Sunday, May 11, 2008

Back from Israel

I am back from Israel (actually I came back already 2 weeks ago). This time I took the visit reeaally easy. I travelled a bit around but I spent most of my time in Jerusalem talking to Jan, Aleš and Ivanka and drinking nana tea.

Still - with the little I managed to travel, I visited Bnei BrakBeit ElTel Aviv
and also the south of Jerusalem West Bank
It never ceases to surprise me how many differences, paradoxes and problems there are on such a small space. I came back home to Prague in the time of the year when we, enlightened Jewish education teachers:-), teach about Israel before Yom ha-atzmaut.

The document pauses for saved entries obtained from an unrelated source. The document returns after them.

(* Let $\mathbb C$ be a semi-abelian category, and let $f\colon X'\to X$, $g\colon Y'\to Y$, $h\colon W'\to W$ be normal epimorphisms. Then the induced morphism $f\otimes^h g\colon X'\otimes^{W'}Y'\to X\otimes^W Y$ is a normal epimorphism.
   Context: A semi-abelian category is a pointed, Barr-exact, Bourn-protomodular category with binary coproducts. For objects $W,X,Y$, let $X\otimes^W Y$ be the kernel of $\langle [\iota_1,\iota_2,0],[\iota_1,0,\iota_2]\rangle\colon W+X+Y\to (W+X)\times_W(W+Y)$, where $\iota_i$ are coproduct injections and $(W+X)\times_W(W+Y)$ is the pullback of $[1,0]\colon W+X\to W$ and $[1,0]\colon W+Y\to W$. This is functorial in $(W,X,Y)$, and $f\otimes^h g$ is the restriction of $h+f+g\colon W'+X'+Y'\to W+X+Y$ to these kernels. *)

theory Defs
  imports Main
begin

section \<open>Categories (relativised to carriers); composition: Cmp C g f = g o f\<close>

record ('o, 'm) cat =
  Obj :: "'o set"
  Arr :: "'m set"
  Dom :: "'m \<Rightarrow> 'o"
  Cod :: "'m \<Rightarrow> 'o"
  Cmp :: "'m \<Rightarrow> 'm \<Rightarrow> 'm"
  Idm :: "'o \<Rightarrow> 'm"

definition hom :: "('o,'m) cat \<Rightarrow> 'o \<Rightarrow> 'o \<Rightarrow> 'm set" where
  "hom C a b = {f \<in> Arr C. Dom C f = a \<and> Cod C f = b}"

definition category :: "('o,'m) cat \<Rightarrow> bool" where
  "category C \<longleftrightarrow>
     (\<forall>f\<in>Arr C. Dom C f \<in> Obj C \<and> Cod C f \<in> Obj C) \<and>
     (\<forall>a\<in>Obj C. Idm C a \<in> hom C a a) \<and>
     (\<forall>f\<in>Arr C. \<forall>g\<in>Arr C. Cod C f = Dom C g \<longrightarrow>
         Cmp C g f \<in> hom C (Dom C f) (Cod C g)) \<and>
     (\<forall>f\<in>Arr C. \<forall>g\<in>Arr C. \<forall>h\<in>Arr C. Cod C f = Dom C g \<longrightarrow> Cod C g = Dom C h \<longrightarrow>
         Cmp C h (Cmp C g f) = Cmp C (Cmp C h g) f) \<and>
     (\<forall>f\<in>Arr C. Cmp C f (Idm C (Dom C f)) = f \<and> Cmp C (Idm C (Cod C f)) f = f)"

We should teach our kids to develop a possitive attidude to the country which undoubtedly has such a big impact on the way we percieve ourselves as Jews and how others view us through our Jewishness. At the same time, we should teach them a realistic picture of what the land of milk and honey really is. What a treat :-)

Wednesday, April 23, 2008

The joys of flying kosher

If you fly around Europe (and close around) and you choose to eat kosher, you usually win a much better meal than the other travellers around you. Most of the companies crossing the short distnces from one Old continent country to another choose to feed you a small snack and a cookie, while if you order a kosher meal, you are usually granted a full meal with hot piece of meat and nice desert. The most striking difference between the meals I have experienced so far was when I flew British Airways from Stockholm to London. While all the other passangers were offered a tiny stripe of tired looking pizza, I was served a delicious French duck with potato pire and a meat pate with almonds.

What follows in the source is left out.